STORED DATA Start Marker
lemma commute_foldr:
  fixes K :: "'b \<Rightarrow> 'a::real_algebra_1"
  assumes "\<And>a. a \<in> set xs \<Longrightarrow> K a * y = y * K a"
  shows "foldr (*) (map K xs) 1 * y = y * foldr (*) (map K xs) 1"
proof -
  have "skew_commute (\<Prod>a\<leftarrow>xs. 1) (foldr (*) (map K xs) 1) y"
    by (rule skew_commute_foldr) (simp add: assms skew_commute_one_iff)
  moreover have "(\<Prod>a\<leftarrow>xs. 1::real) = 1" by (induction xs) simp_all
  ultimately show ?thesis by (simp add: skew_commute_one_iff)
qed

lemma skew_commute_conj:
  assumes "y * x = 1" and "x * z * y = c *\<^sub>R z"
  shows "skew_commute c x z"
proof -
  have "x * z = x * z * y * x" using assms(1) by (simp add: mult.assoc)
  then show ?thesis using assms(2) by (simp add: skew_commute_def)
qed

lemma skew_commute_inverse:
  assumes "x * y = 1" and "y * x = 1" and "c \<noteq> 0" and "skew_commute c x z"
  shows "skew_commute (1 / c) y z"
proof -
  have "z * y = y * (x * z) * y" using assms(2) by (simp add: mult.assoc[symmetric])
  also have "\<dots> = c *\<^sub>R (y * z)"
    using assms(1,4) by (simp add: skew_commute_def mult.assoc)
  finally show ?thesis using assms(3) by (simp add: skew_commute_def)
qed

lemma q_serre_iff_skew_commute_qcomm:
  assumes "q \<noteq> 0"
  shows "q_serre q y x = 0 \<longleftrightarrow> skew_commute q (qcomm q x y) y"
proof -
  have "qcomm q x y * y - q *\<^sub>R (y * qcomm q x y) = q_serre q y x"
    using assms by (simp add: qcomm_def q_serre_def algebra_simps power2_eq_square)
  then show ?thesis unfolding skew_commute_def by (metis eq_iff_diff_eq_0)
qed

lemma q_serre_qcomm:
  fixes a b P :: "'a::real_algebra_1"
  assumes "0 < q" and "a * P = P * a" and "q_serre q b a = 0" and "q_serre q P b = 0"
  shows "q_serre q (qcomm q b P) a = 0"
proof -
  define r where "r = 1 / q"
  define C S T where "C = a * P - P * a" and "S = q_serre q b a" and "T = q_serre q P b"
  have qr: "q * r = 1" "r * q = 1" "q * (r * x) = x" "r * (q * x) = x" for x
    using \<open>0 < q\<close> by (simp_all add: r_def)
  \<comment> \<open>A certificate: the left side is a combination, with coefficients in \<open>q\<^sup>\<plusminus>\<^sup>1\<close>,
    of two-sided multiples of \<open>C\<close>, \<open>S\<close>, \<open>T\<close>; the factor \<open>q + q\<^sup>-\<^sup>1\<close> clears denominators.\<close>
  have "(q + r) *\<^sub>R q_serre q (qcomm q b P) a =
      (r*r) *\<^sub>R (C*P*b*b) + (r*r) *\<^sub>R (P*C*b*b)
    - (r*r*r*r) *\<^sub>R (P*b*C*b) - (r*r) *\<^sub>R (P*b*C*b) - (r*r) *\<^sub>R (P*b*C*b) - P*b*C*b
    + (r*r) *\<^sub>R (P*b*b*C) + P*b*b*C - r *\<^sub>R (b*C*P*b) - q *\<^sub>R (b*C*P*b)
    + (r*r*r) *\<^sub>R (b*P*C*b) + r *\<^sub>R (b*P*C*b) - (r*r) *\<^sub>R (C*b*b*P) - C*b*b*P
    + (r*r) *\<^sub>R (b*C*b*P) + b*C*b*P + b*C*b*P + (q*q) *\<^sub>R (b*C*b*P) - b*b*C*P - b*b*P*C
    + S*P*P - (r*r) *\<^sub>R (P*S*P) - P*S*P + (r*r) *\<^sub>R (P*P*S)
    + (r*r*r) *\<^sub>R (T*a*b) + r *\<^sub>R (T*a*b) - (r*r) *\<^sub>R (a*T*b) - a*b*T
    - (r*r) *\<^sub>R (T*b*a) - b*T*a + r *\<^sub>R (b*a*T) + q *\<^sub>R (b*a*T)"
    unfolding C_def S_def T_def q_serre_def qcomm_def r_def[symmetric]
    by (simp add: algebra_simps power2_eq_square scaleR_add_left scaleR_diff_left qr)
  moreover have "C = 0" "S = 0" "T = 0" using assms by (simp_all add: C_def S_def T_def)
  moreover have "q + r > 0" using \<open>0 < q\<close> by (simp add: r_def add_pos_pos)
  ultimately show ?thesis by simp
qed

lemma
  assumes "star_alg s"
  shows star_alg_mult: "s (x * y) = s y * s x"
    and star_alg_scaleR: "s (c *\<^sub>R x) = c *\<^sub>R s x"
    and star_alg_one: "s 1 = 1"
  using assms unfolding star_alg_def by blast+

lemma skew_commute_star:
  assumes "star_alg s" and "skew_commute c x y"
  shows "skew_commute c (s y) (s x)"
  using arg_cong[of _ _ s, OF assms(2)[unfolded skew_commute_def]] assms(1)
  by (simp add: skew_commute_def star_alg_mult star_alg_scaleR)

lemma star_alg_inverse_self_adjoint:
  assumes "star_alg s" and "x * y = 1" and "y * x = 1" and "s x = x"
  shows "s y = y"
proof -
  have "s y * x = 1"
    using arg_cong[of _ _ s, OF assms(2)] assms(1,4) by (simp add: star_alg_mult star_alg_one)
  have "s y = s y * (x * y)" using assms(2) by simp
  also have "\<dots> = y" using \<open>s y * x = 1\<close> by (simp add: mult.assoc[symmetric])
  finally show ?thesis .
qed

lemma skew_commute_mult_star:
  assumes "star_alg s" and "q \<noteq> 0"
    and "s N = N" and "s N' = N'" and "N * N' = N' * N"
    and "skew_commute c N M'" and "skew_commute c N' M" and "skew_commute q M M'"
  shows "skew_commute (1 / q) (N * s M) (N' * s M')"
proof -
  have MN': "s M * N' = c *\<^sub>R (N' * s M)"
    using skew_commute_star[OF assms(1,7)] assms(4) by (simp add: skew_commute_def)
  have M'N: "s M' * N = c *\<^sub>R (N * s M')"
    using skew_commute_star[OF assms(1,6)] assms(3) by (simp add: skew_commute_def)
  have MM': "s M' * s M = q *\<^sub>R (s M * s M')"
    using skew_commute_star[OF assms(1,8)] by (simp add: skew_commute_def)
  have "N * s M * (N' * s M') = N * (s M * N') * s M'" by (simp add: mult.assoc)
  also have "\<dots> = c *\<^sub>R (N * N' * (s M * s M'))" by (simp add: MN' mult.assoc)
  finally have "N * s M * (N' * s M') = c *\<^sub>R (N * N' * (s M * s M'))" .
  moreover have "N' * s M' * (N * s M) = (c * q) *\<^sub>R (N * N' * (s M * s M'))"
  proof -
    have "N' * s M' * (N * s M) = N' * (s M' * N) * s M" by (simp add: mult.assoc)
    also have "\<dots> = c *\<^sub>R (N' * N * (s M' * s M))" by (simp add: M'N mult.assoc)
    also have "\<dots> = (c * q) *\<^sub>R (N * N' * (s M * s M'))" by (simp add: MM' assms(5))
    finally show ?thesis .
  qed
  ultimately show ?thesis using assms(2) by (simp add: skew_commute_def)
qed

lemma Mq_last: "Mq q E l l = E l"
  by (simp add: Mq_def)

lemma Mq_step:
  assumes "k < l"
  shows "Mq q E k l = qcomm q (E k) (Mq q E (Suc k) l)"
proof -
  have "l - k = Suc (l - Suc k)" and "l - Suc (l - Suc k) = k" using assms by auto
  then show ?thesis by (simp add: Mq_def)
qed

lemma skew_commute_Mq:
  assumes "k \<le> l" and "\<And>b. b \<in> {k..l} \<Longrightarrow> skew_commute (f b) x (E b)"
  shows "skew_commute (\<Prod>b\<in>{k..l}. f b) x (Mq q E k l)"
  using assms(1)
proof (induction k rule: inc_induct)
  case base
  then show ?case using assms by (simp add: Mq_last)
next
  case (step n)
  have "{n..l} = insert n {Suc n..l}" using step.hyps by auto
  then have "(\<Prod>b\<in>{n..l}. f b) = f n * (\<Prod>b\<in>{Suc n..l}. f b)" by simp
  moreover have "skew_commute (f n) x (E n)" using assms(2) step.hyps by simp
  ultimately show ?case
    using skew_commute_qcomm_right step.IH by (simp add: Mq_step[OF step.hyps(2)])
qed

locale quantum_serre =
  fixes q :: real and l :: nat and E :: "nat \<Rightarrow> 'a::real_algebra_1"
  assumes q_pos: "0 < q"
    and serre: "\<lbrakk>i \<in> {1..l}; j \<in> {1..l}; i = j + 1 \<or> j = i + 1\<rbrakk> \<Longrightarrow> q_serre q (E i) (E j) = 0"
    and commute: "\<lbrakk>i \<in> {1..l}; j \<in> {1..l}; i > j + 1 \<or> j > i + 1\<rbrakk> \<Longrightarrow> E i * E j = E j * E i"
begin

lemma E_commute_Mq:
  assumes "1 \<le> k" and "k + 2 \<le> m" and "m \<le> l"
  shows "E k * Mq q E m l = Mq q E m l * E k"
proof -
  have "skew_commute (\<Prod>b\<in>{m..l}. 1) (E k) (Mq q E m l)"
    by (rule skew_commute_Mq) (use assms in \<open>auto simp: skew_commute_one_iff intro: commute\<close>)
  then show ?thesis by (simp add: skew_commute_one_iff)
qed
STORED DATA End Marker
→ **TO DO**:
Only the lines from the one containing "1\<rbrakk> \<Longrightarrow> q_serre" through the last line of the material belong in your answer; output them exactly.

→ **SOLUTION TO THE PROBLEM**:
    and serre: "\<lbrakk>i \<in> {1..l}; j \<in> {1..l}; i = j + 1 \<or> j = i + 1\<rbrakk> \<Longrightarrow> q_serre q (E i) (E j) = 0"
    and commute: "\<lbrakk>i \<in> {1..l}; j \<in> {1..l}; i > j + 1 \<or> j > i + 1\<rbrakk> \<Longrightarrow> E i * E j = E j * E i"
begin

lemma E_commute_Mq:
  assumes "1 \<le> k" and "k + 2 \<le> m" and "m \<le> l"
  shows "E k * Mq q E m l = Mq q E m l * E k"
proof -
  have "skew_commute (\<Prod>b\<in>{m..l}. 1) (E k) (Mq q E m l)"
    by (rule skew_commute_Mq) (use assms in \<open>auto simp: skew_commute_one_iff intro: commute\<close>)
  then show ?thesis by (simp add: skew_commute_one_iff)
qed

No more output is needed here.